After thinking about it for a moment, I realised I could achieve the same thing by transforming the code that Firefox receives from the site into a more agreeable version. So I thought of a transforming proxy. Someone here on use.perl.org mentioned HTTP::Proxy in one of his posts, so I went to check it out and see if it can solve my problems.

Meanwhile, I was distracted and delayed a bit by investigating this X Server bug. But then I resumed to work on the proxy. HTTP-Proxy turned out to be a great way to implement what I had in mind, but I still ran into a few problems. (Which weren't HTTP-Proxy's fault.).

The first one from what I recall was that it refused to filter JavaScript code. As it turned out yjobs sent the "Content-Type:" of the JavaScript code either as "application/x-javascript" or an undefined one, while I used "text/javascript". I ended up filtering them by the .js extension in the path, and by specifying a mime filter of "undef".

Then I ran into a problem where a variable called "Data" was assigned to, but not used anywhere else. As it turned out, my logging proxy, which I used to dump all the traffic, did not log the particular script where it was made use of. Maybe Firefox cached it. After that, I found out where it was used and used the Venkman JavaScript debugger to the problem I had getting it displayed on the page. It was fixed using a JavaScript transformation specific to that particular script.

Another problem I encountered was an original function was called despite the fact I overrided it in the bottom. As it turned out, this was caused because it was invoked before the JS interpreter reached the definition at the end. Like this code:

<html>
<body>
<script>
function mytest()
{
return "FirstFoo";
}

var myvar = mytest();
</script>

<h1 id="put_here">Put Here</h1>

<script>
document.getElementById("put_here").innerHTML = myvar;
</script>

<script>
function mytest()
{
return "Second";
}
</script>
</body>
</html>

This was resolved by transforming the JS code in the original function.

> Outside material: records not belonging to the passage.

(* Let $\mathcal{X}$ be an input space with metric $d$, let $\Theta$ be a parameter (hypothesis) space with metric $d$, and let $\mathcal{Y}$ be an output space which is a normed vector space with norm $\|\cdot\|$. Let $f:\mathcal{X}\times\Theta\to\mathcal{Y}$, $(x,\theta)\mapsto f(x;\theta)$, be a parameterized family of hypotheses, let $\theta^*\in\Theta$ and set $f^*(x)=f(x;\theta^* )$. Let $\mathcal{L}:\mathcal{Y}\times\mathcal{X}\to\mathbb{R}$ be a loss function, and for a probability distribution $r$ on $\mathcal{X}$ define the error $e(\theta,r)=\mathbb{E}_{x\sim r}[\mathcal{L}(f(x;\theta),x)]$. Let $p$ (test distribution) and $q$ (training distribution) be probability distributions on $\mathcal{X}$, let $W(p,q)$ be their 1-Wasserstein distance with respect to $d$, and let $\Theta_q=\{\theta\in\Theta : e(\theta,q)=0\}$. Let $\theta$ be a random variable with some probability distribution on $\Theta$ such that $\mathbb{P}(\theta\in\Theta_q)>0$, and for $\varepsilon>0$ define the inductive bias complexity $$\tilde I=-\log \mathbb{P}\big(e(\theta,p)\le\varepsilon \mid e(\theta,q)=0\big).$$ Suppose that: (i) $\mathcal{L}(y,x)\ge 0$ for all $y,x$, with equality if and only if $y=f^*(x)$; (ii) $\mathcal{L}(y+f^*(x_2)-f^*(x_1),x_2)=\mathcal{L}(y,x_1)$ for all $y\in\mathcal{Y}$, $x_1,x_2\in\mathcal{X}$; (iii) there is a constant $L_{\mathcal{L}}$ with $\mathcal{L}(y+\delta,x)-\mathcal{L}(y,x)\le L_{\mathcal{L}}\|\delta\|$ for all $y,\delta\in\mathcal{Y}$, $x\in\mathcal{X}$; (iv) there is a constant $L_f$ with $\|f(x_1;\theta_1)-f(x_1;\theta_2)-f(x_2;\theta_1)+f(x_2;\theta_2)\|\le L_f\, d(x_1,x_2)\, d(\theta_1,\theta_2)$ for all $x_1,x_2\in\mathcal{X}$, $\theta_1,\theta_2\in\Theta$. Then $$\tilde I\le -\log \mathbb{P}\left(d(\theta,\theta^* )\le \frac{\varepsilon}{L_{\mathcal{L}}L_f W(p,q)} \;\middle|\; \theta\in\Theta_q\right).$$
   Context: The ratio $\varepsilon/(L_{\mathcal{L}}L_fW(p,q))$ is interpreted as $+\infty$ if its denominator is $0$. All expectations are assumed to exist. $\log$ denotes the logarithm (any fixed base). *)

theory Defs
  imports "HOL-Probability.Probability"
begin

definition err :: "('x \<Rightarrow> 't \<Rightarrow> 'y) \<Rightarrow> ('y \<Rightarrow> 'x \<Rightarrow> real) \<Rightarrow> 't \<Rightarrow> 'x measure \<Rightarrow> real" where
  "err f L th r = (\<integral>x. L (f x th) x \<partial>r)"

definition couplings :: "'x measure \<Rightarrow> 'x measure \<Rightarrow> ('x \<times> 'x) measure set" where
  "couplings p q = {g. prob_space g \<and> sets g = sets (p \<Otimes>\<^sub>M q) \<and>
                        distr g p fst = p \<and> distr g q snd = q}"

definition wasserstein1 :: "'x::metric_space measure \<Rightarrow> 'x measure \<Rightarrow> ennreal" where
  "wasserstein1 p q = (INF g \<in> couplings p q. \<integral>\<^sup>+ z. ennreal (dist (fst z) (snd z)) \<partial>g)"

definition neglog :: "real \<Rightarrow> real \<Rightarrow> ereal" where
  "neglog b t = (if t = 0 then \<infinity> else ereal (- log b t))"

end

theory Submission
  imports Defs
begin

text \<open>
  If \<open>e(\<theta>, q) = 0\<close>, then \<open>h(x) = \<L>(f(x;\<theta>), x)\<close> vanishes \<open>q\<close>-almost everywhere, and
  assumptions (ii)--(iv) make \<open>h\<close> Lipschitz with constant \<open>L\<^sub>\<L> L\<^sub>f d(\<theta>, \<theta>\<^sup>*)\<close>.
  Hence under any coupling of \<open>p\<close> and \<open>q\<close> we have \<open>h(x\<^sub>1) \<le> L\<^sub>\<L> L\<^sub>f d(\<theta>, \<theta>\<^sup>*) d(x\<^sub>1, x\<^sub>2)\<close>
  almost surely, and integrating gives \<open>e(\<theta>, p) \<le> L\<^sub>\<L> L\<^sub>f d(\<theta>, \<theta>\<^sup>*) W(p, q)\<close>. So the event
  \<open>d(\<theta>, \<theta>\<^sup>*) \<le> \<epsilon> / (L\<^sub>\<L> L\<^sub>f W(p, q))\<close> is contained in \<open>e(\<theta>, p) \<le> \<epsilon>\<close> on \<open>\<Theta>\<^sub>q\<close>, and \<open>-log\<close> is
  antitone.
\<close>

lemma ennreal_mult_le_of_le_divide:
  fixes a b e :: ennreal
  assumes "a \<le> e / b"
  shows "a * b \<le> e"
proof -
  have "a * b \<le> e / b * b"
    using assms by (rule mult_right_mono) simp
  also have "e / b * b \<le> e"
  proof (cases "b = 0 \<or> b = top")
    case True then show ?thesis by (auto simp: ennreal_top_divide)
  next
    case False then show ?thesis
      by (metis ennreal_divide_self ennreal_divide_times mult.right_neutral order.refl top.not_eq_extremum)
  qed
  finally show ?thesis .
qed

text \<open>No measurability of \<open>u\<close> is needed, which matters below: \<open>dist\<close> need not be measurable
  for the product \<open>\<sigma>\<close>-algebra \<open>borel \<Otimes>\<^sub>M borel\<close> on which couplings live.\<close>

lemma nn_integral_cmult_le:
  fixes c :: ennreal
  assumes "c < top"
  shows "(\<integral>\<^sup>+ x. c * u x \<partial>M) \<le> c * integral\<^sup>N M u"
proof (cases "c = 0")
  case True then show ?thesis by simp
next
  case False
  have cancel: "c * (v / c) = v" for v
    using False assms by (metis ennreal_times_divide mult.commute mult_divide_eq_ennreal top.not_eq_extremum)
  show ?thesis unfolding nn_integral_def
  proof (rule SUP_least)
    fix s assume "s \<in> {g. simple_function M g \<and> g \<le> (\<lambda>x. c * u x)}"
    then have s: "simple_function M s" "\<And>x. s x \<le> c * u x" by (auto simp: le_fun_def)
    define s' where "s' x = s x / c" for x
    have s'_simple: "simple_function M s'"
      unfolding s'_def using s(1) by (rule simple_function_compose1)
    have "s' \<le> u"
      unfolding le_fun_def s'_def using divide_right_mono_ennreal[OF s(2), of _ c] cancel
      by (metis ennreal_times_divide)
    have "integral\<^sup>S M s = integral\<^sup>S M (\<lambda>x. c * s' x)"
      by (simp add: s'_def cancel)
    also have "\<dots> = c * integral\<^sup>S M s'"
      by (rule simple_integral_mult[OF s'_simple])
    also have "\<dots> \<le> c * (SUP g\<in>{g. simple_function M g \<and> g \<le> u}. integral\<^sup>S M g)"
      by (intro mult_left_mono SUP_upper) (auto simp: s'_simple \<open>s' \<le> u\<close>)
    finally show "integral\<^sup>S M s \<le> c * (SUP g\<in>{g. simple_function M g \<and> g \<le> u}. integral\<^sup>S M g)" .
  qed
qed

lemma pair_measure_in_couplings:
  assumes "prob_space p" "prob_space q"
  shows "p \<Otimes>\<^sub>M q \<in> couplings p q"
proof -
  interpret P: prob_space p by fact
  interpret Q: prob_space q by fact
  interpret PQ: pair_prob_space p q by unfold_locales
  have "distr (p \<Otimes>\<^sub>M q) q snd = q"
  proof (intro measure_eqI)
    fix A assume A: "A \<in> sets (distr (p \<Otimes>\<^sub>M q) q snd)"
    then have "emeasure (distr (p \<Otimes>\<^sub>M q) q snd) A = emeasure (p \<Otimes>\<^sub>M q) (space p \<times> A)"
      by (auto simp: emeasure_distr space_pair_measure dest: sets.sets_into_space
               intro!: arg_cong2[where f=emeasure])
    with A show "emeasure (distr (p \<Otimes>\<^sub>M q) q snd) A = emeasure q A"
      using Q.emeasure_pair_measure_Times[OF sets.top, of A p] P.emeasure_space_1 by simp
  qed simp
  then show ?thesis
    unfolding couplings_def using PQ.prob_space_axioms Q.distr_pair_fst by auto
qed

lemma nn_integral_le_coupling_cost:
  fixes h :: "'x::metric_space \<Rightarrow> ennreal"
  assumes g: "g \<in> couplings p q"
    and h_p: "h \<in> borel_measurable p" and h_q: "h \<in> borel_measurable q"
    and h_q_0: "integral\<^sup>N q h = 0"
    and c: "c < top"
    and lip: "\<And>x y. h x \<le> h y + c * ennreal (dist x y)"
  shows "integral\<^sup>N p h \<le> c * (\<integral>\<^sup>+ z. ennreal (dist (fst z) (snd z)) \<partial>g)"
proof -
  from g have sets_g: "sets g = sets (p \<Otimes>\<^sub>M q)"
    and marg_p: "distr g p fst = p" and marg_q: "distr g q snd = q"
    unfolding couplings_def by auto
  have fst_meas: "fst \<in> measurable g p" and snd_meas: "snd \<in> measurable g q"
    using measurable_cong_sets[OF sets_g refl] by auto
  have "(\<integral>\<^sup>+ z. h (snd z) \<partial>g) = integral\<^sup>N q h"
    using nn_integral_distr[OF snd_meas, of h] h_q marg_q by simp
  then have "AE z in g. h (snd z) = 0"
    using h_q_0 nn_integral_0_iff_AE[of "\<lambda>z. h (snd z)" g] h_q snd_meas by simp
  then have "AE z in g. h (fst z) \<le> c * ennreal (dist (fst z) (snd z))"
    by eventually_elim (metis lip add_0)
  then have "(\<integral>\<^sup>+ z. h (fst z) \<partial>g) \<le> (\<integral>\<^sup>+ z. c * ennreal (dist (fst z) (snd z)) \<partial>g)"
    by (rule nn_integral_mono_AE)
  also have "\<dots> \<le> c * (\<integral>\<^sup>+ z. ennreal (dist (fst z) (snd z)) \<partial>g)"
    using c by (rule nn_integral_cmult_le)
  finally show ?thesis
    using nn_integral_distr[OF fst_meas, of h] h_p marg_p by simp
qed

lemma nn_integral_le_wasserstein1:
  fixes h :: "'x::metric_space \<Rightarrow> ennreal"
  assumes "prob_space p" "prob_space q"
    and h_p: "h \<in> borel_measurable p" and h_q: "h \<in> borel_measurable q"
    and h_q_0: "integral\<^sup>N q h = 0"
    and c: "c < top"
    and lip: "\<And>x y. h x \<le> h y + c * ennreal (dist x y)"
  shows "integral\<^sup>N p h \<le> c * wasserstein1 p q"
proof (cases "c = 0")
  case True
  then show ?thesis
    using nn_integral_le_coupling_cost[OF pair_measure_in_couplings[OF assms(1,2)] h_p h_q h_q_0 c lip]
    by simp
next
  case False
  have "integral\<^sup>N p h / c \<le> wasserstein1 p q"
    unfolding wasserstein1_def
  proof (rule INF_greatest)
    fix g assume "g \<in> couplings p q"
    from nn_integral_le_coupling_cost[OF this h_p h_q h_q_0 c lip]
    show "integral\<^sup>N p h / c \<le> (\<integral>\<^sup>+ z. ennreal (dist (fst z) (snd z)) \<partial>g)"
      using False by (intro divide_le_posI_ennreal) (simp_all add: zero_less_iff_neq_zero)
  qed
  then have "integral\<^sup>N p h / c * c \<le> c * wasserstein1 p q"
    by (simp add: mult.commute mult_left_mono)
  also have "integral\<^sup>N p h / c * c = integral\<^sup>N p h"
    using False c by (simp add: ennreal_divide_times)
  finally show ?thesis .
qed

lemma integral_le_wasserstein1:
  fixes h :: "'x::metric_space \<Rightarrow> real"
  assumes "prob_space p" "prob_space q"
    and int_p: "integrable p h" and int_q: "integrable q h"
    and h_nonneg: "\<And>x. 0 \<le> h x"
    and h_q_0: "integral\<^sup>L q h = 0"
    and K: "0 \<le> K"
    and lip: "\<And>x y. h x \<le> h y + K * dist x y"
  shows "ennreal (integral\<^sup>L p h) \<le> ennreal K * wasserstein1 p q"
proof -
  have nn_eq: "(\<integral>\<^sup>+ x. ennreal (h x) \<partial>r) = ennreal (integral\<^sup>L r h)" if "integrable r h" for r
    using that h_nonneg by (intro nn_integral_eq_integral) auto
  have "ennreal (h x) \<le> ennreal (h y + K * dist x y)" for x y
    using lip[of x y] by (rule ennreal_leI)
  also have "ennreal (h y + K * dist x y) = ennreal (h y) + ennreal K * ennreal (dist x y)" for x y
    using h_nonneg K by (simp add: ennreal_mult)
  finally have "ennreal (h x) \<le> ennreal (h y) + ennreal K * ennreal (dist x y)" for x y .
  then show ?thesis
    unfolding nn_eq[OF int_p, symmetric]
    using int_p int_q h_q_0 nn_eq[OF int_q]
    by (intro nn_integral_le_wasserstein1[OF assms(1,2)]) (auto simp: borel_measurable_integrable)
qed

lemma loss_Lipschitz_in_input:
  fixes f :: "'x::metric_space \<Rightarrow> 't::metric_space \<Rightarrow> 'y::real_normed_vector"
    and L :: "'y \<Rightarrow> 'x \<Rightarrow> real"
  assumes shift: "\<And>y x1 x2. L (y + f x2 thstar - f x1 thstar) x2 = L y x1"
    and lip: "\<And>y d x. L (y + d) x - L y x \<le> LL * norm d"
    and LL: "0 \<le> LL"
    and mixed: "\<And>x1 x2 t1 t2. norm (f x1 t1 - f x1 t2 - f x2 t1 + f x2 t2)
                                \<le> Lf * dist x1 x2 * dist t1 t2"
  shows "L (f x2 t) x2 \<le> L (f x1 t) x1 + LL * Lf * dist t thstar * dist x2 x1"
proof -
  define y where "y = f x1 t + f x2 thstar - f x1 thstar"
  define d where "d = f x2 t - f x2 thstar - f x1 t + f x1 thstar"
  have "L (f x2 t) x2 = L (y + d) x2"
    by (simp add: y_def d_def algebra_simps)
  also have "\<dots> \<le> L y x2 + LL * norm d"
    using lip[of y d x2] by simp
  also have "L y x2 = L (f x1 t) x1"
    unfolding y_def by (rule shift)
  also have "LL * norm d \<le> LL * (Lf * dist x2 x1 * dist t thstar)"
    unfolding d_def using mixed LL by (rule mult_left_mono)
  finally show ?thesis
    by (simp add: mult_ac)
qed

lemma neglog_antimono:
  assumes "1 < b" "0 \<le> s" "s \<le> t"
  shows "neglog b t \<le> neglog b s"
  using assms by (cases "s = 0") (auto simp: neglog_def)

lemma (in prob_space) cond_prob_mono:
  assumes "{w \<in> space M. P' w \<and> Q w} \<in> events"
    and "\<And>w. w \<in> space M \<Longrightarrow> Q w \<Longrightarrow> P w \<Longrightarrow> P' w"
  shows "cond_prob M P Q \<le> cond_prob M P' Q"
  unfolding cond_prob_def
  using assms by (intro divide_right_mono finite_measure_mono) auto

theorem theorem1:
  fixes f :: "'x::metric_space \<Rightarrow> 't::metric_space \<Rightarrow> 'y::real_normed_vector"
    and L :: "'y \<Rightarrow> 'x \<Rightarrow> real"
    and thstar :: 't
    and p q :: "'x measure"
    and M :: "'w measure"
    and th :: "'w \<Rightarrow> 't"
    and LL Lf eps b :: real
  assumes b: "1 < b"
    and p: "prob_space p" "sets p = sets borel"
    and q: "prob_space q" "sets q = sets borel"
    and M: "prob_space M"
    and th_rv: "th \<in> M \<rightarrow>\<^sub>M borel"
    and int_p: "\<And>t. integrable p (\<lambda>x. L (f x t) x)"
    and int_q: "\<And>t. integrable q (\<lambda>x. L (f x t) x)"
    and meas_q: "{w \<in> space M. err f L (th w) q = 0} \<in> sets M"
    and meas_p: "{w \<in> space M. err f L (th w) p \<le> eps} \<in> sets M"
    and pos: "\<P>(w in M. err f L (th w) q = 0) > 0"
    and eps: "eps > 0"
    and A1: "\<And>y x. L y x \<ge> 0 \<and> (L y x = 0 \<longleftrightarrow> y = f x thstar)"
    and A2: "\<And>y x1 x2. L (y + f x2 thstar - f x1 thstar) x2 = L y x1"
    and LL: "LL \<ge> 0"
    and A3: "\<And>y d x. L (y + d) x - L y x \<le> LL * norm d"
    and Lf: "Lf \<ge> 0"
    and A4: "\<And>x1 x2 t1 t2. norm (f x1 t1 - f x1 t2 - f x2 t1 + f x2 t2)
                             \<le> Lf * dist x1 x2 * dist t1 t2"
  shows "neglog b (\<P>(w in M. err f L (th w) p \<le> eps \<bar> err f L (th w) q = 0))
         \<le> neglog b (\<P>(w in M. ennreal (dist (th w) thstar)
                     \<le> ennreal eps / (ennreal (LL * Lf) * wasserstein1 p q)
                   \<bar> err f L (th w) q = 0))"
proof -
  interpret M: prob_space M by (rule M)
  have err_p_le: "err f L t p \<le> eps"
    if err_q: "err f L t q = 0"
      and close: "ennreal (dist t thstar) \<le> ennreal eps / (ennreal (LL * Lf) * wasserstein1 p q)"
    for t
  proof -
    have "ennreal (err f L t p) \<le> ennreal (LL * Lf * dist t thstar) * wasserstein1 p q"
      unfolding err_def
      by (rule integral_le_wasserstein1[OF p(1) q(1) int_p int_q])
        (use A1 err_q LL Lf loss_Lipschitz_in_input[OF A2 A3 LL A4] in \<open>auto simp: err_def\<close>)
    also have "\<dots> = ennreal (dist t thstar) * (ennreal (LL * Lf) * wasserstein1 p q)"
      using LL Lf by (simp add: ennreal_mult mult_ac)
    also have "\<dots> \<le> ennreal eps"
      using close by (rule ennreal_mult_le_of_le_divide)
    finally show ?thesis
      using eps by simp
  qed
  have "\<P>(w in M. ennreal (dist (th w) thstar)
                     \<le> ennreal eps / (ennreal (LL * Lf) * wasserstein1 p q)
                   \<bar> err f L (th w) q = 0)
        \<le> \<P>(w in M. err f L (th w) p \<le> eps \<bar> err f L (th w) q = 0)"
    using err_p_le by (intro M.cond_prob_mono sets.sets_Collect_conj meas_p meas_q) auto
  then show ?thesis
    using b by (intro neglog_antimono) (auto simp: cond_prob_def)
qed

end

Eventually, I got it working enough. Then I cleaned up the proxy code, and released it for the world's consumption.

My future plans for this proxy, is to investigate a way to implement it as a Firefox extension that will be transform the markup from within Firefox.

A fellow Perl programmer I talked with on AIM that I pointed to the download page, said that "that's nucking futs, man" and then that "oh, it's cool. I just mean, that's pretty crazy. A proxy to make a site work... crazy. and awesome.". :-)

So this is one way Perl has given Power to the People. Hack on!

Tuesday December 18, 2007
03:24 AM

Happy 20th Birthday, Perl!

Today, Perl has its 20th Birthday. I'd like to thank Larry Wall and the rest of the perl and CPAN developers for actively developing such wonderful technology. Happy Birthday!